[[ Data extract open ]]
theorem lemma5:
  fixes n :: nat and \<Sigma> :: "'a set" and \<delta> :: "'a \<Rightarrow> nat \<Rightarrow> nat" and F :: "nat set"
  assumes "n \<ge> 2"
    and "sf_dfa n \<Sigma> \<delta> F"
  shows "(\<forall>S q. S \<noteq> {} \<and> S \<subseteq> {..<n} \<and> q < n \<and> semiconst S q \<in> trans_sg n \<Sigma> \<delta>
              \<longrightarrow> 0 \<in> S \<and> q = n - 1)
       \<and> (maximal_sg n (trans_sg n \<Sigma> \<delta>) \<longrightarrow>
            (\<forall>S. S \<noteq> {} \<and> S \<subseteq> {..<n} \<and> 0 \<in> S \<longrightarrow> semiconst S (n - 1) \<in> trans_sg n \<Sigma> \<delta>))"
  using semiconst_in_trans_sg_sf_dfa[OF assms] maximal_sg_semiconst_in_trans_sg[OF assms(2)]
  by blast

end
(* Avoiding Q1, ..., Q4 means that any three points in pairwise different rows and columns lie
   on a monotone chain.  From D2, D2bar and the absence of a two-line cover one obtains a hub:
   a point y with a diagonal partner x and an antidiagonal partner v.  Monotonicity forces
   x and v onto a common line; after a symmetry this is a row above y, with x left and v right
   of the column of y.  Every further point is then confined to the row of x and v, the row
   and the column of y, and the columns of x and v below y, and a short case analysis of which
   of these lines carry further points exhibits a pattern of type 1 or type 2. *)


definition diag :: "nat \<times> nat \<Rightarrow> nat \<times> nat \<Rightarrow> bool" where
  "diag p q \<longleftrightarrow> (fst p < fst q \<and> snd p < snd q) \<or> (fst q < fst p \<and> snd q < snd p)"

definition antidiag :: "nat \<times> nat \<Rightarrow> nat \<times> nat \<Rightarrow> bool" where
  "antidiag p q \<longleftrightarrow> (fst p < fst q \<and> snd q < snd p) \<or> (fst q < fst p \<and> snd p < snd q)"

lemma diag_commute: "diag p q \<longleftrightarrow> diag q p"
  by (auto simp: diag_def)

lemma antidiag_commute: "antidiag p q \<longleftrightarrow> antidiag q p"
  by (auto simp: antidiag_def)

lemma diag_or_antidiag: "fst p \<noteq> fst q \<Longrightarrow> snd p \<noteq> snd q \<Longrightarrow> diag p q \<or> antidiag p q"
  by (auto simp: diag_def antidiag_def)

definition monotone_triples :: "(nat \<times> nat) set \<Rightarrow> bool" where
  "monotone_triples S \<longleftrightarrow> (\<forall>p\<in>S. \<forall>q\<in>S. \<forall>s\<in>S.
     \<not> (diag p q \<and> diag p s \<and> antidiag q s) \<and> \<not> (antidiag p q \<and> antidiag p s \<and> diag q s))"

lemma monotone_triplesD:
  assumes "monotone_triples S" "(i1, j1) \<in> S" "(i2, j2) \<in> S" "(i3, j3) \<in> S" "i1 < i2" "i2 < i3"
  shows "j1 = j2 \<or> j1 = j3 \<or> j2 = j3 \<or> (j1 < j2 \<and> j2 < j3) \<or> (j2 < j1 \<and> j3 < j2)"
proof -
  have "\<not> (diag p q \<and> diag p s \<and> antidiag q s) \<and> \<not> (antidiag p q \<and> antidiag p s \<and> diag q s)"
    if "p \<in> S" "q \<in> S" "s \<in> S" for p q s
    using assms(1) that unfolding monotone_triples_def by blast
  from this[OF assms(2,3,4)] this[OF assms(3,2,4)] this[OF assms(4,2,3)] assms(5,6)
  show ?thesis unfolding diag_def antidiag_def by auto
qed

lemma monotone_triplesI:
  assumes "\<And>i1 j1 i2 j2 i3 j3. (i1, j1) \<in> S \<Longrightarrow> (i2, j2) \<in> S \<Longrightarrow> (i3, j3) \<in> S \<Longrightarrow>
    i1 < i2 \<Longrightarrow> i2 < i3 \<Longrightarrow>
    j1 = j2 \<or> j1 = j3 \<or> j2 = j3 \<or> (j1 < j2 \<and> j2 < j3) \<or> (j2 < j1 \<and> j3 < j2)"
  shows "monotone_triples S"
  unfolding monotone_triples_def
proof (intro ballI)
  fix p q s assume "p \<in> S" "q \<in> S" "s \<in> S"
  then show "\<not> (diag p q \<and> diag p s \<and> antidiag q s) \<and> \<not> (antidiag p q \<and> antidiag p s \<and> diag q s)"
    using assms[of "fst p" "snd p" "fst q" "snd q" "fst s" "snd s"]
      assms[of "fst p" "snd p" "fst s" "snd s" "fst q" "snd q"]
      assms[of "fst q" "snd q" "fst p" "snd p" "fst s" "snd s"]
      assms[of "fst q" "snd q" "fst s" "snd s" "fst p" "snd p"]
      assms[of "fst s" "snd s" "fst p" "snd p" "fst q" "snd q"]
      assms[of "fst s" "snd s" "fst q" "snd q" "fst p" "snd p"]
    unfolding diag_def antidiag_def by auto
qed

lemma hub_partners_aligned:
  assumes "monotone_triples S" "y \<in> S" "x \<in> S" "v \<in> S" "diag y x" "antidiag y v"
  shows "fst x = fst v \<or> snd x = snd v"
proof (rule ccontr)
  assume "\<not> ?thesis"
  then have "diag x v \<or> antidiag x v" using diag_or_antidiag by blast
  moreover have "\<not> (diag x y \<and> diag x v \<and> antidiag y v)" "\<not> (antidiag v y \<and> antidiag v x \<and> diag y x)"
    using assms(1-4) unfolding monotone_triples_def by blast+
  ultimately show False using assms(5,6) diag_commute antidiag_commute by blast
qed
lemma rot_conj_rot:
  assumes "0 \<le> k" "k < ordx" "0 \<le> j" "j < ordx"
  shows "(k, False) \<otimes>\<^bsub>G\<^esub> (j, False) \<otimes>\<^bsub>G\<^esub> inv\<^bsub>G\<^esub> (k, False) = (j, False)"
proof -
  have "(k, False) \<otimes>\<^bsub>G\<^esub> (j, False) \<otimes>\<^bsub>G\<^esub> inv\<^bsub>G\<^esub> (k, False) = (((k + j) mod ordx + (- k) mod ordx) mod ordx, False)"
    using assms by (simp add: mult_SD inv_rotation)
  also have "((k + j) mod ordx + (- k) mod ordx) mod ordx = (k + j + - k) mod ordx" by (rule mod_add_eq)
  finally show ?thesis using assms by simp
qed

lemma refl_conj_rot:
  assumes "0 \<le> k" "k < ordx" "0 \<le> j" "j < ordx"
  shows "(k, True) \<otimes>\<^bsub>G\<^esub> (j, False) \<otimes>\<^bsub>G\<^esub> inv\<^bsub>G\<^esub> (k, True) = ((r * j) mod ordx, False)"
proof -
  have "(k, True) \<otimes>\<^bsub>G\<^esub> (j, False) \<otimes>\<^bsub>G\<^esub> inv\<^bsub>G\<^esub> (k, True) = (((k + r * j) mod ordx + r * ((- r * k) mod ordx)) mod ordx, False)"
    using assms by (simp add: mult_SD inv_reflection)
  also have "((k + r * j) mod ordx + r * ((- r * k) mod ordx)) mod ordx = (k + r * j + r * (- r * k)) mod ordx" by (rule mod_add_mult_mod)
  also have "\<dots> = (r * j) mod ordx" unfolding mod_ordx_eq_iff
  proof -
    have "k + r * j + r * (- r * k) - r * j = ordx * (- (int m - 1) * k)" using r_squared by (simp add: algebra_simps)
    then show "ordx dvd k + r * j + r * (- r * k) - r * j" by simp
  qed
  finally show ?thesis .
qed

lemma rot_conj_refl:
  assumes "0 \<le> k" "k < ordx" "0 \<le> i" "i < ordx"
  shows "(k, False) \<otimes>\<^bsub>G\<^esub> (i, True) \<otimes>\<^bsub>G\<^esub> inv\<^bsub>G\<^esub> (k, False) = ((i - (2 * int m - 2) * k) mod ordx, True)"
proof -
  have "(k, False) \<otimes>\<^bsub>G\<^esub> (i, True) \<otimes>\<^bsub>G\<^esub> inv\<^bsub>G\<^esub> (k, False) = (((k + i) mod ordx + r * ((- k) mod ordx)) mod ordx, True)"
    using assms by (simp add: mult_SD inv_rotation)
  also have "((k + i) mod ordx + r * ((- k) mod ordx)) mod ordx = (k + i + r * (- k)) mod ordx" by (rule mod_add_mult_mod)
  also have "k + i + r * (- k) = i - (2 * int m - 2) * k" by (simp add: algebra_simps)
  finally show ?thesis .
qed
(* Let $\mathcal{H}$ be a finite-dimensional Hilbert space, $\{\rho_\theta;\theta\in\Theta\subset\mathbb{R}^2\}$ a smooth two-parameter family of density operators, $\theta_0\in\Theta$ with $\rho=\rho_{\theta_0}$ strictly positive, and suppose there exists a three-dimensional real subspace $\tilde{\mathcal{T}}$ of Hermitian operators with $\operatorname{span}_{\mathbb{R}}\{L_1^{(S)},L_2^{(S)}\}\subset\tilde{\mathcal{T}}$ and $\mathcal{D}_\rho(\tilde{\mathcal{T}})\subset\tilde{\mathcal{T}}$. Then for every $2\times2$ real positive matrix $G$, $$C^{(H)}_{\theta_0,G}=\max_{0\le\beta\le1}C^{(\beta)}_{\theta_0,G}=\begin{cases}C^{(1)}_{\theta_0,G}&\text{if }\hat\beta\ge1,\\ C^{(\hat\beta)}_{\theta_0,G}&\text{otherwise,}\end{cases}$$ where $\hat\beta=\dfrac{\operatorname{Tr}|\sqrt G\,\operatorname{Im}(J^{(R)}_{\theta_0})^{-1}\sqrt G|}{2\operatorname{Tr}G\{(J^{(S)}_{\theta_0})^{-1}-\operatorname{Re}((J^{(R)}_{\theta_0})^{-1})\}}$ if $(J^{(S)}_{\theta_0})^{-1}\ne\operatorname{Re}((J^{(R)}_{\theta_0})^{-1})$ and $\hat\beta=\infty$ otherwise.
   Context: $\partial_i\rho=\frac{\partial}{\partial\theta^i}\rho_\theta|_{\theta=\theta_0}$. Commutation operator: $\mathcal{D}_\rho(X)\rho+\rho\mathcal{D}_\rho(X)=\sqrt{-1}(X\rho-\rho X)$. For $\beta\in[0,1]$, $L_i^{(\beta)}$ is defined by $\partial_i\rho=\frac{1+\beta}{2}\rho L_i^{(\beta)}+\frac{1-\beta}{2}L_i^{(\beta)}\rho$; $L_i^{(S)}=L_i^{(0)}$ (SLD, assumed linearly independent), $L_i^{(R)}=L_i^{(1)}$ (RLD). $J^{(\beta)}_{\theta_0}=[\operatorname{Tr}\partial_i\rho\,L_j^{(\beta)}]_{ij}$, $J^{(S)}=J^{(0)}$, $J^{(R)}=J^{(1)}$, $C^{(\beta)}_{\theta_0,G}=\operatorname{Tr}G(J^{(\beta)}_{\theta_0})^{-1}+\operatorname{Tr}|\sqrt G\,\operatorname{Im}(J^{(\beta)}_{\theta_0})^{-1}\sqrt G|$. Holevo bound: $C^{(H)}_{\theta_0,G}=\min_B\{\operatorname{Tr}GZ(B)+\operatorname{Tr}|\sqrt G\operatorname{Im}Z(B)\sqrt G|\}$ over Hermitian $B_1,B_2$ with $\operatorname{Tr}\partial_i\rho\,B_j=\delta_{ij}$, $Z_{ij}(B)=\operatorname{Tr}\rho B_jB_i$. Re, Im entrywise; $|X|=(X^*X)^{1/2}$. *)

theory Defs
  imports "HOL-Analysis.Analysis"
begin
[[ Data extract closed ]]
*Task prompt*.
Where a line of the material above holds the string "rule", copy that line.

*Response for this exercise*.
proof (rule ccontr)
  also have "((k + j) mod ordx + (- k) mod ordx) mod ordx = (k + j + - k) mod ordx" by (rule mod_add_eq)
  also have "((k + r * j) mod ordx + r * ((- r * k) mod ordx)) mod ordx = (k + r * j + r * (- r * k)) mod ordx" by (rule mod_add_mult_mod)
  also have "((k + i) mod ordx + r * ((- k) mod ordx)) mod ordx = (k + i + r * (- k)) mod ordx" by (rule mod_add_mult_mod)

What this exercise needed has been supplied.